British historian (born 1965)

Stuart Carroll, (born 1965) is a British historian and academic, who specialises in early modern Europe. Since 2007, he has been Professor of Early Modern History at the University of York.

==Early life and education==
Carroll was born in 1965 in Whitechapel, London, England. He undertook his Bachelor of Arts (BA) degree at the University of Bristol and his Doctor of Philosophy (PhD) at the University of London.

==Academic career==
In 1992, Carroll joined the University of York as a lecturer in its Department of History. Having been previously promoted to senior lecturer, he was appointed Professor of Early Modern History in 2007. He served as Head of the Department at History from 2011 to 2015.

==Honours==
Carroll was awarded the J. Russell Major Prize of the American Historical Association in 2011 for the best French history book of the year for his Martyrs and Murderers: The Guise Family and the Making of Europe (2009).

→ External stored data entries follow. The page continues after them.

lemma graph_subset_if_Domain_UNIV:
  assumes sX: "complex_banach_scaling sX"
    and \<Phi>1: "proto_calculus sX sF \<Phi>1" and \<Phi>2: "proto_calculus sX sF \<Phi>2"
    and agree: "\<forall>e \<in> E. \<Phi>1 e = \<Phi>2 e \<and> bounded_op (\<Phi>1 e)"
    and anchored: "anchored_in \<Phi>1 E g"
    and total: "Domain (\<Phi>2 g) = UNIV"
  shows "\<Phi>1 g \<subseteq> \<Phi>2 g"
proof clarify
  fix x y
  assume y: "(x, y) \<in> \<Phi>1 g"
  obtain y' where y': "(x, y') \<in> \<Phi>2 g" using total by blast
  have "y = y'"
  proof (rule anchored_in_eqI[OF sX \<Phi>1 anchored])
    fix d
    assume "d \<in> anchor_set E g"
    then have d: "d \<in> E" and dg: "d * g \<in> E" unfolding anchor_set_def by auto
    obtain w where w: "(y, w) \<in> \<Phi>1 d" using agree d bounded_op_total by blast
    obtain w' where w': "(y', w') \<in> \<Phi>1 d" using agree d bounded_op_total by blast
    have "(x, w) \<in> \<Phi>1 (d * g)" using proto_calculus_mult[OF \<Phi>1 y w] .
    moreover have "(x, w') \<in> \<Phi>1 (d * g)"
      using proto_calculus_mult[OF \<Phi>2 y'] w' agree d dg by metis
    ultimately have "w = w'"
      using closed_op_single_valued proto_calculus_closed_op[OF \<Phi>1] by blast
    then show "\<exists>w. (y, w) \<in> \<Phi>1 d \<and> (y', w) \<in> \<Phi>1 d" using w w' by blast
  qed
  then show "(x, y) \<in> \<Phi>2 g" using y' by simp
qed

lemma graph_subset_if_bounded:
  assumes sX: "complex_banach_scaling sX"
    and \<Phi>1: "calculus sX sF \<Phi>1" and \<Phi>2: "proto_calculus sX sF \<Phi>2"
    and agree: "\<forall>e \<in> E. \<Phi>1 e = \<Phi>2 e \<and> bounded_op (\<Phi>1 e)"
    and anchored: "\<forall>f. anchored_in \<Phi>1 E f"
    and g: "bounded_op (\<Phi>2 g)"
  shows "\<Phi>2 g \<subseteq> \<Phi>1 g"
proof clarify
  fix x y
  assume y: "(x, y) \<in> \<Phi>2 g"
  have proto1: "proto_calculus sX sF \<Phi>1" using \<Phi>1 unfolding calculus_def by blast
  have total_g: "Domain (\<Phi>2 g) = UNIV" using g unfolding bounded_op_def by blast
  show "(x, y) \<in> \<Phi>1 g"
  proof (rule calculus_graphI[OF \<Phi>1])
    fix e
    assume "e \<in> reg_set \<Phi>1 g"
    then have e: "bounded_op (\<Phi>1 e)" and eg: "bounded_op (\<Phi>1 (e * g))"
      unfolding reg_set_def bdd_set_def by auto
    obtain w where w: "(x, w) \<in> \<Phi>1 (e * g)" using eg bounded_op_total by blast
    obtain v where v: "(y, v) \<in> \<Phi>1 e" using e bounded_op_total by blast
    have "w = v"
    proof (rule anchored_in_eqI[OF sX proto1 anchored[rule_format]])
      fix d
      assume "d \<in> anchor_set E e"
      then have d: "d \<in> E" and de: "d * e \<in> E" unfolding anchor_set_def by auto
      obtain a where a: "(w, a) \<in> \<Phi>1 d" using agree d bounded_op_total by blast
      obtain b where b: "(v, b) \<in> \<Phi>1 d" using agree d bounded_op_total by blast
      have "(x, a) \<in> \<Phi>1 (d * e * g)"
        using proto_calculus_mult[OF proto1 w a] by (simp add: mult.assoc)
      moreover have "Domain (\<Phi>2 (d * e * g)) = UNIV"
        using proto_calculus_Domain_mult[OF \<Phi>2 _ total_g] agree de
        unfolding bounded_op_def by metis
      ultimately have "(x, a) \<in> \<Phi>2 (d * e * g)"
        using graph_subset_if_Domain_UNIV[OF sX proto1 \<Phi>2 agree] anchored by blast
      moreover have "(x, b) \<in> \<Phi>2 (d * e * g)"
        using proto_calculus_mult[OF \<Phi>2 y] proto_calculus_mult[OF proto1 v b] agree de
        by metis
      ultimately have "a = b"
        using closed_op_single_valued proto_calculus_closed_op[OF \<Phi>2] by blast
      then show "\<exists>a. (w, a) \<in> \<Phi>1 d \<and> (v, a) \<in> \<Phi>1 d" using a b by blast
    qed
    then show "\<exists>w. (x, w) \<in> \<Phi>1 (e * g) \<and> (y, w) \<in> \<Phi>1 e" using w v by blast
  qed
qed

lemma agree_on_bdd_set:
  assumes sX: "complex_banach_scaling sX"
    and \<Phi>1: "calculus sX sF \<Phi>1" and \<Phi>2: "proto_calculus sX sF \<Phi>2"
    and agree: "\<forall>e \<in> E. \<Phi>1 e = \<Phi>2 e \<and> bounded_op (\<Phi>1 e)"
    and anchored: "\<forall>f. anchored_in \<Phi>1 E f"
    and g: "g \<in> bdd_set \<Phi>2"
  shows "\<Phi>1 g = \<Phi>2 g"
proof
  have proto1: "proto_calculus sX sF \<Phi>1" using \<Phi>1 unfolding calculus_def by blast
  have "Domain (\<Phi>2 g) = UNIV" using g unfolding bdd_set_def bounded_op_def by blast
  then show "\<Phi>1 g \<subseteq> \<Phi>2 g"
    using graph_subset_if_Domain_UNIV[OF sX proto1 \<Phi>2 agree] anchored by blast
  show "\<Phi>2 g \<subseteq> \<Phi>1 g"
    using graph_subset_if_bounded[OF sX \<Phi>1 \<Phi>2 agree anchored] g unfolding bdd_set_def by blast
qed

lemma calculus_subset_if_agree_on_bdd_set:
  assumes \<Phi>1: "proto_calculus sX sF \<Phi>1" and \<Phi>2: "calculus sX sF \<Phi>2"
    and agree: "\<forall>g \<in> bdd_set \<Phi>2. \<Phi>1 g = \<Phi>2 g"
  shows "\<Phi>1 f \<subseteq> \<Phi>2 f"
proof clarify
  fix x y
  assume y: "(x, y) \<in> \<Phi>1 f"
  show "(x, y) \<in> \<Phi>2 f"
  proof (rule calculus_graphI[OF \<Phi>2])
    fix e
    assume "e \<in> reg_set \<Phi>2 f"
    then have e: "e \<in> bdd_set \<Phi>2" and ef: "e * f \<in> bdd_set \<Phi>2"
      unfolding reg_set_def by auto
    obtain w where w: "(y, w) \<in> \<Phi>2 e"
      using e bounded_op_total unfolding bdd_set_def by blast
    have "(x, w) \<in> \<Phi>2 (e * f)"
      using proto_calculus_mult[OF \<Phi>1 y] w agree e ef by metis
    then show "\<exists>w. (x, w) \<in> \<Phi>2 (e * f) \<and> (y, w) \<in> \<Phi>2 e" using w by blast
  qed
qed

theorem theorem5p2:
  fixes sX :: "complex \<Rightarrow> 'x::banach \<Rightarrow> 'x"
    and sF :: "complex \<Rightarrow> 'f::{ring,monoid_mult} \<Rightarrow> 'f"
    and \<Phi>1 \<Phi>2 :: "'f \<Rightarrow> ('x \<times> 'x) set"
    and E :: "'f set"
  assumes "complex_banach_scaling sX"
    and "complex_algebra_scaling sF"
    and "calculus sX sF \<Phi>1"
    and "calculus sX sF \<Phi>2"
    and "\<forall>e \<in> E. \<Phi>1 e = \<Phi>2 e \<and> bounded_op (\<Phi>1 e)"
    and "\<forall>f. anchored_in \<Phi>1 E f"
  shows "\<Phi>1 = \<Phi>2"
proof -
  have proto: "proto_calculus sX sF \<Phi>1" "proto_calculus sX sF \<Phi>2"
    using assms(3,4) unfolding calculus_def by blast+
  have agree21: "\<forall>e \<in> E. \<Phi>2 e = \<Phi>1 e \<and> bounded_op (\<Phi>2 e)"
    using assms(5) by auto
  have anchored2: "\<forall>f. anchored_in \<Phi>2 E f"
    using assms(6) anchored_in_cong agree21 by blast
  have "\<forall>g \<in> bdd_set \<Phi>2. \<Phi>1 g = \<Phi>2 g"
    using agree_on_bdd_set[OF assms(1,3) proto(2) assms(5,6)] by blast
  then have "\<Phi>1 f \<subseteq> \<Phi>2 f" for f
    using calculus_subset_if_agree_on_bdd_set[OF proto(1) assms(4)] by blast
  moreover have "\<forall>g \<in> bdd_set \<Phi>1. \<Phi>2 g = \<Phi>1 g"
    using agree_on_bdd_set[OF assms(1,4) proto(1) agree21 anchored2] by blast
  then have "\<Phi>2 f \<subseteq> \<Phi>1 f" for f
    using calculus_subset_if_agree_on_bdd_set[OF proto(2) assms(3)] by blast
  ultimately show ?thesis by (simp add: fun_eq_iff subset_antisym)
qed

end
(* Let $a,b,c,d\in\mathbb C$ and $$f=a(2x_1-x_2-x_3)(2x_2-x_3-x_1)(2x_3-x_1-x_2)+b(x_1-x_2)(x_2-x_3)(x_3-x_1)+c(x_1+x_2+x_3)^3+d(x_1^3+x_2^3+x_3^3-3x_1x_2x_3).$$ Then $f$ is completely reducible (a product of three linear forms) if and only if $a=b=c=0$ or $(27a^2+b^2)c+d^3=0$. In the first case, $$f=d(x_1+x_2+x_3)(x_1+\omega x_2+\omega^2x_3)(x_1+\omega^2x_2+\omega x_3).$$ In the second case, there exist $\alpha_1,\alpha_2,\gamma\in\mathbb C$ with $$\alpha_1^3=9a-i\sqrt3\,b,\quad \alpha_2^3=9a+i\sqrt3\,b,\quad -\alpha_1\alpha_2\gamma=3d,\quad \gamma^3=9c,$$ and for any such $\alpha_1,\alpha_2,\gamma$ we have $9f=A_xB_xC_x$, where $$A_x=\alpha_1(x_1+\omega^2x_2+\omega x_3)+\gamma(x_1+x_2+x_3)+\alpha_2(x_1+\omega x_2+\omega^2x_3),$$ $$B_x=\alpha_1(\omega^2x_1+\omega x_2+x_3)+\gamma(x_1+x_2+x_3)+\alpha_2(\omega x_1+\omega^2x_2+x_3),$$ $$C_x=\alpha_1(\omega x_1+x_2+\omega^2x_3)+\gamma(x_1+x_2+x_3)+\alpha_2(\omega^2x_1+x_2+\omega x_3).$$
   Context: $\omega=e^{2\pi i/3}$. Every ternary cubic form over $\mathbb C$ invariant under even permutations of $x_1,x_2,x_3$ can be written in the displayed form. *)

theory Defs
  imports Complex_Main
begin

definition omega :: complex where
  "omega = exp (2 * pi * \<i> / 3)"

definition cubicf :: "complex \<Rightarrow> complex \<Rightarrow> complex \<Rightarrow> complex \<Rightarrow>
    complex \<Rightarrow> complex \<Rightarrow> complex \<Rightarrow> complex" where
  "cubicf a b c d x1 x2 x3 =
     a * (2*x1 - x2 - x3) * (2*x2 - x3 - x1) * (2*x3 - x1 - x2)
   + b * (x1 - x2) * (x2 - x3) * (x3 - x1)
   + c * (x1 + x2 + x3) ^ 3
   + d * (x1 ^ 3 + x2 ^ 3 + x3 ^ 3 - 3 * x1 * x2 * x3)"

text \<open>A ternary form over C is completely reducible if it is a product of three linear
  forms. Since C is infinite, equality of polynomials is equality as functions.\<close>
definition completely_reducible ::
    "(complex \<Rightarrow> complex \<Rightarrow> complex \<Rightarrow> complex) \<Rightarrow> bool" where
  "completely_reducible F \<longleftrightarrow>
     (\<exists>u1 u2 u3 v1 v2 v3 w1 w2 w3 :: complex. \<forall>x1 x2 x3.
        F x1 x2 x3 = (u1*x1 + u2*x2 + u3*x3) * (v1*x1 + v2*x2 + v3*x3) * (w1*x1 + w2*x2 + w3*x3))"

end

theory Submission
  imports Defs
begin

text \<open>In the coordinates \<open>X = x1 + \<omega> x2 + \<omega>\<^sup>2 x3\<close>, \<open>Y = x1 + \<omega>\<^sup>2 x2 + \<omega> x3\<close>,
  \<open>Z = x1 + x2 + x3\<close>, which diagonalise the cyclic shift of the variables, the form becomes
  \<open>9 f = (9a + i\<surd>3 b) X\<^sup>3 + (9a - i\<surd>3 b) Y\<^sup>3 + 9c Z\<^sup>3 + 9d XYZ\<close>.
  If a diagonal cubic \<open>p X\<^sup>3 + q Y\<^sup>3 + r Z\<^sup>3 + m XYZ\<close> with \<open>p \<noteq> 0\<close> is a product of
  linear forms, dividing each factor by its \<open>X\<close>-coefficient leaves ratios \<open>s\<^sub>i, t\<^sub>i\<close> whose
  elementary symmetric functions are read off from the coefficients; they force
  \<open>27 pqr + m\<^sup>3 = 0\<close>. Conversely, if \<open>p, q, r\<close> are the cubes of \<open>e\<^sub>2, e\<^sub>1, g\<close> with
  \<open>m = -3 e\<^sub>1 e\<^sub>2 g\<close>, the cubic is \<open>u\<^sup>3 + v\<^sup>3 + w\<^sup>3 - 3uvw\<close> for \<open>u = e\<^sub>1 Y\<close>, \<open>v = g Z\<close>,
  \<open>w = e\<^sub>2 X\<close>, which splits over the cube roots of unity.\<close>

lemma omega_eq_Complex: "omega = Complex (-1/2) (sqrt 3 / 2)"
proof -
  have "omega = cis (2*pi/3)"
    unfolding omega_def cis_conv_exp by (simp add: field_simps)
  then show ?thesis
    by (simp add: complex_eq_iff cos_120 sin_120)
qed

In 2013, Carroll was elected a Fellow of the Royal Historical Society (FRHistS). In 2024, he was elected a Fellow of the British Academy (FBA), the United Kingdom's national academy for the humanities and social sciences.

==Selected publications==
- Enmity and Violence in Early Modern Europe. Cambridge: Cambridge University Press, 2023.
- Martyrs and Murderers: The Guise Family and the Making of Europe. Oxford: Oxford University Press, 2009.
- Cultures of Violence: Interpersonal Violence in Historical Perspective (editor). Palgrave Macmillan, 2007.
- Blood and Violence in Early Modern France. Oxford: Oxford University Press, 2006.
- Noble Power during the French Wars of Religion: the Guise Affinity and the Catholic Cause in Normandy. Cambridge: Cambridge University Press, 1998.